Wednesday, 3 January 2018

Pen for Mr Biswas

Moti did not belong to the village. He was a small worried-looking man with grey hair and bad teeth. He was dressed in a dingy clerkish way. His dirty shirt sat neatly on him and the creases on his trousers could just be seen. In his shirt pocket he carried a fountain pen, a stunted pencil and pieces of soiled paper, the equipment and badge of the rural literate.

At Hanuman House they were three children among many; at Ajodha's there were no other children. ... At Prasad's they were again the only children and lived in a mud hut, which they thought quaint: it was like a large doll's house. Prasad didn't give money, but a thick red exercise book, a Shirley Temple fountain pen and a bottle of Waterman's ink.

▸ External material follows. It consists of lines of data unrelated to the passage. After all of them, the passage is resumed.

(* Let $n\ge 2$, let $p, p', s \in B_{n}$ be braids satisfying $p' = s*p$ in $B_{n+1}$, and let $s'\in B_{n+1}$. Then $$p'\, \delta_{n+1}^{-1} = s' \cdot d(p)\, \sigma_1\, \delta_{n+1}^{-1} \cdot s'^{-1} \ \text{ in } B_{n+1} \iff s'^{-1} s\in C_{B_{n+1}}\big(d(p)\, \sigma_1\, \delta_{n+1}^{-1}\big),$$ where $C_{B_{n+1}}(x)$ denotes the centralizer of $x$ in $B_{n+1}$.
   Context: $B_m$ denotes the braid group on $m$ strands with Artin generators $\sigma_1,\dots,\sigma_{m-1}$ and relations $\sigma_i\sigma_j\sigma_i=\sigma_j\sigma_i\sigma_j$ for $|i-j|=1$, $\sigma_i\sigma_j=\sigma_j\sigma_i$ for $|i-j|>1$; $B_\infty$ is the braid group on generators $\sigma_1,\sigma_2,\dots$ with the same relations, and $B_m\subset B_{m+1}\subset B_\infty$ via the generators. The shift $d$ is the monomorphism of $B_\infty$ induced by $\sigma_{i_1}^{\varepsilon_1}\cdots\sigma_{i_k}^{\varepsilon_k}\mapsto \sigma_{i_1+1}^{\varepsilon_1}\cdots\sigma_{i_k+1}^{\varepsilon_k}$. The shifted conjugacy operator is $a*b = a\cdot d(b)\cdot \sigma_1\cdot d(a^{-1})$ for $a,b\in B_\infty$. Also $\delta_{n+1} = \sigma_{n}\sigma_{n-1}\cdots\sigma_1 \in B_{n+1}$. *)

theory Defs
  imports Main
begin

text \<open>Braid words: a letter (i, True) is the Artin generator sigma_i, (i, False) is its inverse.\<close>
type_synonym bword = "(nat \<times> bool) list"

definition binv :: "bword \<Rightarrow> bword" where
  "binv w = rev (map (\<lambda>(i, b). (i, \<not> b)) w)"

definition in_B :: "nat \<Rightarrow> bword \<Rightarrow> bool" where
  "in_B m w \<longleftrightarrow> (\<forall>(i, b) \<in> set w. 1 \<le> i \<and> i < m)"

inductive braid_eq :: "nat \<Rightarrow> bword \<Rightarrow> bword \<Rightarrow> bool" for m :: nat where
  refl: "braid_eq m w w"
| sym: "braid_eq m u v \<Longrightarrow> braid_eq m v u"
| trans: "braid_eq m u v \<Longrightarrow> braid_eq m v w \<Longrightarrow> braid_eq m u w"
| ctx: "braid_eq m u v \<Longrightarrow> braid_eq m (a @ u @ c) (a @ v @ c)"
| cancel: "1 \<le> i \<Longrightarrow> i < m \<Longrightarrow> braid_eq m [(i, b), (i, \<not> b)] []"
| braid: "1 \<le> i \<Longrightarrow> Suc i < m \<Longrightarrow>
    braid_eq m [(i, True), (Suc i, True), (i, True)] [(Suc i, True), (i, True), (Suc i, True)]"
| comm: "1 \<le> i \<Longrightarrow> j < m \<Longrightarrow> Suc i < j \<Longrightarrow>
    braid_eq m [(i, True), (j, True)] [(j, True), (i, True)]"

definition shift :: "bword \<Rightarrow> bword" where
  "shift w = map (\<lambda>(i, b). (Suc i, b)) w"

definition sigma1 :: bword where
  "sigma1 = [(1, True)]"

text \<open>Shifted conjugacy a * b = a d(b) sigma_1 d(a^-1).\<close>
definition shifted_conj :: "bword \<Rightarrow> bword \<Rightarrow> bword" where
  "shifted_conj a b = a @ shift b @ sigma1 @ shift (binv a)"

text \<open>delta_(n+1) = sigma_n sigma_(n-1) ... sigma_1 (as an element of B_(n+1)).\<close>
definition delta :: "nat \<Rightarrow> bword" where
  "delta n = map (\<lambda>i. (i, True)) (rev [1..<Suc n])"

definition centralizer_B :: "nat \<Rightarrow> bword \<Rightarrow> bword set" where
  "centralizer_B m x = {c. in_B m c \<and> braid_eq m (c @ x) (x @ c)}"

end

theory Submission
  imports Defs
begin

text \<open>Since \<open>p' = s d(p) \<sigma>\<^sub>1 d(s\<^sup>-\<^sup>1)\<close> and \<open>\<delta>\<^sub>n\<^sub>+\<^sub>1\<close> conjugates \<open>d(w)\<close> to \<open>w\<close> for every
  \<open>w \<in> B\<^sub>n\<close>, we get \<open>p' \<delta>\<^sup>-\<^sup>1 = s X s\<^sup>-\<^sup>1\<close> with \<open>X = d(p) \<sigma>\<^sub>1 \<delta>\<^sup>-\<^sup>1\<close>. The equivalence is then the
  group-theoretic fact that \<open>s X s\<^sup>-\<^sup>1 = s' X s'\<^sup>-\<^sup>1\<close> iff \<open>s'\<^sup>-\<^sup>1 s\<close> commutes with \<open>X\<close>.\<close>

lemmas [trans] = braid_eq.trans

lemma braid_eq_ctx_eq:
  "braid_eq m u v \<Longrightarrow> L = a @ u @ c \<Longrightarrow> R = a @ v @ c \<Longrightarrow> braid_eq m L R"
  using braid_eq.ctx by blast

lemma braid_eq_append:
  assumes "braid_eq m u v" and "braid_eq m u' v'"
  shows "braid_eq m (u @ u') (v @ v')"
proof -
  have "braid_eq m (u @ u') (v @ u')" by (rule braid_eq_ctx_eq[OF assms(1), of _ "[]" u']) simp_all
  also have "braid_eq m (v @ u') (v @ v')" by (rule braid_eq_ctx_eq[OF assms(2), of _ v "[]"]) simp_all
  finally show ?thesis .
qed

lemma braid_eq_iff_cong:
  "braid_eq m u u' \<Longrightarrow> braid_eq m v v' \<Longrightarrow> braid_eq m u v \<longleftrightarrow> braid_eq m u' v'"
  by (meson braid_eq.sym braid_eq.trans)

lemma braid_eq_mono: "braid_eq m u v \<Longrightarrow> m \<le> m' \<Longrightarrow> braid_eq m' u v"
  by (induction rule: braid_eq.induct) (auto intro: braid_eq.intros)

lemma in_B_append [simp]: "in_B m (u @ v) \<longleftrightarrow> in_B m u \<and> in_B m v"
  unfolding in_B_def by auto

lemma in_B_binv [simp]: "in_B m (binv u) \<longleftrightarrow> in_B m u"
  unfolding in_B_def binv_def by auto

lemma in_B_mono: "in_B m u \<Longrightarrow> m \<le> m' \<Longrightarrow> in_B m' u"
  unfolding in_B_def by auto

lemma binv_binv [simp]: "binv (binv w) = w"
  unfolding binv_def by (induction w) auto

lemma binv_Cons: "binv ((i, b) # w) = binv w @ [(i, \<not> b)]"
  unfolding binv_def by simp

lemma braid_eq_append_binv: "in_B m w \<Longrightarrow> braid_eq m (w @ binv w) []"
proof (induction w)
  case Nil
  show ?case by (simp add: binv_def braid_eq.refl)
next
  case (Cons x w)
  obtain i b where x: "x = (i, b)" by (cases x)
  have w: "in_B m w" and i: "1 \<le> i" "i < m" using Cons.prems x unfolding in_B_def by auto
  have "braid_eq m ((i, b) # w @ binv w @ [(i, \<not> b)]) [(i, b), (i, \<not> b)]"
    by (rule braid_eq_ctx_eq[OF Cons.IH[OF w], of _ "[(i, b)]" "[(i, \<not> b)]"]) simp_all
  also have "braid_eq m [(i, b), (i, \<not> b)] []" using braid_eq.cancel[OF i] .
  finally show ?case by (simp add: x binv_Cons)
qed

lemma braid_eq_binv_append: "in_B m w \<Longrightarrow> braid_eq m (binv w @ w) []"
  using braid_eq_append_binv[of m "binv w"] by simp

lemma braid_eq_cancel_left:
  assumes "in_B m a"
  shows "braid_eq m (a @ u) (a @ v) \<longleftrightarrow> braid_eq m u v"
proof
  assume "braid_eq m (a @ u) (a @ v)"
  then have "braid_eq m (binv a @ a @ u) (binv a @ a @ v)"
    by (rule braid_eq_ctx_eq[of _ _ _ _ "binv a" "[]"]) simp_all
  moreover have "braid_eq m (binv a @ a @ w) w" for w
    by (rule braid_eq_ctx_eq[OF braid_eq_binv_append[OF assms], of _ "[]" w]) simp_all
  ultimately show "braid_eq m u v" using braid_eq_iff_cong by blast
qed (rule braid_eq_ctx_eq[of _ _ _ _ a "[]"], simp_all)

lemma braid_eq_cancel_right:
  assumes "in_B m a"
  shows "braid_eq m (u @ a) (v @ a) \<longleftrightarrow> braid_eq m u v"
proof
  assume "braid_eq m (u @ a) (v @ a)"
  then have "braid_eq m (u @ a @ binv a) (v @ a @ binv a)"
    by (rule braid_eq_ctx_eq[of _ _ _ _ "[]" "binv a"]) simp_all
  moreover have "braid_eq m (w @ a @ binv a) w" for w
    by (rule braid_eq_ctx_eq[OF braid_eq_append_binv[OF assms], of _ w "[]"]) simp_all
  ultimately show "braid_eq m u v" using braid_eq_iff_cong by blast
qed (rule braid_eq_ctx_eq[of _ _ _ _ "[]" a], simp_all)

lemma conj_eq_iff_commute:
  assumes s: "in_B m s" and t: "in_B m t"
  shows "braid_eq m (s @ x @ binv s) (t @ x @ binv t) \<longleftrightarrow>
         braid_eq m (binv t @ s @ x) (x @ binv t @ s)"
proof -
  have "braid_eq m (s @ x @ binv s) (t @ x @ binv t) \<longleftrightarrow>
        braid_eq m (binv t @ s @ x @ binv s) (binv t @ t @ x @ binv t)"
    using braid_eq_cancel_left[of m "binv t"] t by simp
  also have "\<dots> \<longleftrightarrow> braid_eq m (binv t @ s @ x @ binv s) (x @ binv t)"
    by (rule braid_eq_iff_cong[OF braid_eq.refl],
        rule braid_eq_ctx_eq[OF braid_eq_binv_append[OF t], of _ "[]" "x @ binv t"]) simp_all
  also have "\<dots> \<longleftrightarrow> braid_eq m (binv t @ s @ x @ binv s @ s) (x @ binv t @ s)"
    using braid_eq_cancel_right[OF s, of "binv t @ s @ x @ binv s" "x @ binv t"] by simp
  also have "\<dots> \<longleftrightarrow> braid_eq m (binv t @ s @ x) (x @ binv t @ s)"
    by (rule braid_eq_iff_cong[OF _ braid_eq.refl],
        rule braid_eq_ctx_eq[OF braid_eq_binv_append[OF s], of _ "binv t @ s @ x" "[]"]) simp_all
  finally show ?thesis .
qed

lemma conj_swap_binv:
  assumes a: "in_B m a" and "braid_eq m (a @ u) (v @ a)"
  shows "braid_eq m (u @ binv a) (binv a @ v)"
proof -
  have "braid_eq m (u @ binv a) (binv a @ a @ u @ binv a)"
    by (rule braid_eq.sym, rule braid_eq_ctx_eq[OF braid_eq_binv_append[OF a], of _ "[]" "u @ binv a"])
      simp_all
  also have "braid_eq m (binv a @ a @ u @ binv a) (binv a @ v @ a @ binv a)"
    by (rule braid_eq_ctx_eq[OF assms(2), of _ "binv a" "binv a"]) simp_all
  also have "braid_eq m (binv a @ v @ a @ binv a) (binv a @ v)"
    by (rule braid_eq_ctx_eq[OF braid_eq_append_binv[OF a], of _ "binv a @ v" "[]"]) simp_all
  finally show ?thesis .
qed

lemma conj_binv:
  assumes "in_B m u" and "in_B m v" and "braid_eq m (a @ u) (v @ a)"
  shows "braid_eq m (a @ binv u) (binv v @ a)"
proof -
  have "braid_eq m (a @ binv u) (binv v @ v @ a @ binv u)"
    by (rule braid_eq.sym,
        rule braid_eq_ctx_eq[OF braid_eq_binv_append[OF assms(2)], of _ "[]" "a @ binv u"]) simp_all
  also have "braid_eq m (binv v @ v @ a @ binv u) (binv v @ a @ u @ binv u)"
    by (rule braid_eq_ctx_eq[OF braid_eq.sym[OF assms(3)], of _ "binv v" "binv u"]) simp_all
  also have "braid_eq m (binv v @ a @ u @ binv u) (binv v @ a)"
    by (rule braid_eq_ctx_eq[OF braid_eq_append_binv[OF assms(1)], of _ "binv v @ a" "[]"]) simp_all
  finally show ?thesis .
qed

lemma delta_Suc [simp]: "delta (Suc n) = (Suc n, True) # delta n"
  by (simp add: delta_def)

lemma delta_0 [simp]: "delta 0 = []"
  by (simp add: delta_def)

lemma in_B_delta: "in_B (Suc n) (delta n)"
  unfolding in_B_def delta_def by auto

lemma braid_eq_commute:
  assumes "1 \<le> i" "1 \<le> j" "i < m" "j < m" "Suc i < j \<or> Suc j < i"
  shows "braid_eq m [(i, True), (j, True)] [(j, True), (i, True)]"
  using assms braid_eq.comm[where i = i and j = j] braid_eq.comm[where i = j and j = i]
  by (auto intro: braid_eq.sym)

lemma delta_commute_letter:
  "Suc j < x \<Longrightarrow> x < m \<Longrightarrow> braid_eq m (delta j @ [(x, True)]) ((x, True) # delta j)"
proof (induction j)
  case 0
  show ?case by (simp add: braid_eq.refl)
next
  case (Suc j)
  have "braid_eq m ((Suc j, True) # delta j @ [(x, True)]) ((Suc j, True) # (x, True) # delta j)"
    by (rule braid_eq_ctx_eq[OF Suc.IH, of _ "[(Suc j, True)]" "[]"]) (use Suc.prems in simp_all)
  also have "braid_eq m \<dots> ((x, True) # (Suc j, True) # delta j)"
    by (rule braid_eq_ctx_eq[OF braid_eq_commute, of "Suc j" x m _ "[]" "delta j"])
      (use Suc.prems in simp_all)
  finally show ?case by simp
qed

text \<open>Only the letter \<open>\<sigma>\<^sub>i\<close> of \<open>\<delta>\<close> interacts with \<open>\<sigma>\<^sub>i\<^sub>+\<^sub>1\<close> (by the braid relation); all
  other letters commute with it.\<close>
lemma delta_shift_letter:
  "1 \<le> i \<Longrightarrow> Suc i \<le> n \<Longrightarrow> braid_eq (Suc n) (delta n @ [(Suc i, True)]) ((i, True) # delta n)"
proof (induction n)
  case 0
  then show ?case by simp
next
  case (Suc k)
  show ?case
  proof (cases "k = i")
    case True
    obtain j where i: "i = Suc j" using Suc.prems by (cases i) auto
    have "braid_eq (Suc (Suc k)) ((Suc i, True) # (i, True) # delta j @ [(Suc i, True)])
        ((Suc i, True) # (i, True) # (Suc i, True) # delta j)"
      by (rule braid_eq_ctx_eq[OF delta_commute_letter, of j "Suc i" _ _ "[(Suc i, True), (i, True)]" "[]"])
        (use True i in simp_all)
    also have "braid_eq (Suc (Suc k)) \<dots> ((i, True) # (Suc i, True) # (i, True) # delta j)"
      by (rule braid_eq_ctx_eq[OF braid_eq.sym[OF braid_eq.braid[where i = i]], of _ _ "[]" "delta j"])
        (use True Suc.prems in simp_all)
    finally show ?thesis using True i by simp
  next
    case False
    then have ik: "Suc i \<le> k" using Suc.prems by auto
    have "braid_eq (Suc (Suc k)) ((Suc k, True) # delta k @ [(Suc i, True)])
        ((Suc k, True) # (i, True) # delta k)"
      by (rule braid_eq_ctx_eq[OF braid_eq_mono[OF Suc.IH[OF Suc.prems(1) ik]], of _ _ "[(Suc k, True)]" "[]"])
        simp_all
    also have "braid_eq (Suc (Suc k)) \<dots> ((i, True) # (Suc k, True) # delta k)"
      by (rule braid_eq_ctx_eq[OF braid_eq_commute, of "Suc k" i _ _ "[]" "delta k"])
        (use ik Suc.prems in simp_all)
    finally show ?thesis by simp
  qed
qed

lemma delta_shift:
  "in_B n w \<Longrightarrow> braid_eq (Suc n) (delta n @ shift w) (w @ delta n)"
proof (induction w)
  case Nil
  show ?case by (simp add: shift_def braid_eq.refl)
next
  case (Cons x w)
  obtain i b where x: "x = (i, b)" by (cases x)
  have w: "in_B n w" and i: "1 \<le> i" "Suc i \<le> n" using Cons.prems x unfolding in_B_def by auto
  have letter: "braid_eq (Suc n) (delta n @ [(Suc i, b)]) ((i, b) # delta n)"
  proof (cases b)
    case True
    then show ?thesis using delta_shift_letter[OF i] by simp
  next
    case False
    have "braid_eq (Suc n) (delta n @ [(Suc i, True)]) ([(i, True)] @ delta n)"
      using delta_shift_letter[OF i] by simp
    then show ?thesis
      using False conj_binv[of "Suc n" "[(Suc i, True)]" "[(i, True)]"] i
      by (simp add: binv_def in_B_def)
  qed
  have "braid_eq (Suc n) (delta n @ (Suc i, b) # shift w) ((i, b) # delta n @ shift w)"
    by (rule braid_eq_ctx_eq[OF letter, of _ "[]" "shift w"]) simp_all
  also have "braid_eq (Suc n) \<dots> ((i, b) # w @ delta n)"
    by (rule braid_eq_ctx_eq[OF Cons.IH[OF w], of _ "[(i, b)]" "[]"]) simp_all
  finally show ?case by (simp add: x shift_def)
qed

lemma shifted_conj_binv_delta:
  assumes "in_B n s"
  shows "braid_eq (Suc n) (shifted_conj s p @ binv (delta n))
           (s @ (shift p @ sigma1 @ binv (delta n)) @ binv s)"
proof -
  have "braid_eq (Suc n) (shift (binv s) @ binv (delta n)) (binv (delta n) @ binv s)"
    using conj_swap_binv[OF in_B_delta delta_shift] assms by simp
  then show ?thesis
    by (rule braid_eq_ctx_eq[of _ _ _ _ "s @ shift p @ sigma1" "[]"]) (simp_all add: shifted_conj_def)
qed

theorem proposition2:
  fixes n :: nat and p p' s s' :: bword
  assumes "n \<ge> 2"
    and "in_B n p" and "in_B n p'" and "in_B n s"
    and "braid_eq (Suc n) p' (shifted_conj s p)"
    and "in_B (Suc n) s'"
  shows "braid_eq (Suc n) (p' @ binv (delta n))
            (s' @ shift p @ sigma1 @ binv (delta n) @ binv s')
         \<longleftrightarrow> binv s' @ s \<in> centralizer_B (Suc n) (shift p @ sigma1 @ binv (delta n))"
proof -
  define X where "X = shift p @ sigma1 @ binv (delta n)"
  have s: "in_B (Suc n) s" using assms(4) by (rule in_B_mono) simp
  have "braid_eq (Suc n) (p' @ binv (delta n)) (s @ X @ binv s)"
    using braid_eq_append[OF assms(5) braid_eq.refl] shifted_conj_binv_delta[OF assms(4)]
    unfolding X_def by (rule braid_eq.trans)
  then have "braid_eq (Suc n) (p' @ binv (delta n)) (s' @ X @ binv s') \<longleftrightarrow>
             braid_eq (Suc n) (s @ X @ binv s) (s' @ X @ binv s')"
    by (rule braid_eq_iff_cong[OF _ braid_eq.refl])
  also have "\<dots> \<longleftrightarrow> braid_eq (Suc n) ((binv s' @ s) @ X) (X @ binv s' @ s)"
    using conj_eq_iff_commute[OF s assms(6)] by simp
  finally show ?thesis
    using s assms(6) by (simp add: X_def centralizer_B_def)
qed

end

The examination was on a Saturday. ... He was given Mr Biswas's pen, in case his own should fail. He was given a large new bottle of ink, in case the examiners didn't provide enough. He was given many blotters, many Sentinel pencils, a pencil sharpener, a ruler, and two erasers, one for pencil, one for ink. He said, "Anybody would believe I am going to this place to get married."
The pen Mr Biswas has lent him, just in case, had leaked in his shirt pocket and left a large wet stain: it was though his heart had bled ink. His hair was disordered, his lips black and moustached with ink, his cheeks and forehead smudged. His face was drawn; he looked dejected, exhausted and irritable. ... "Here. Take back your pen."Mr Biswas took back his pen. It dripped with ink.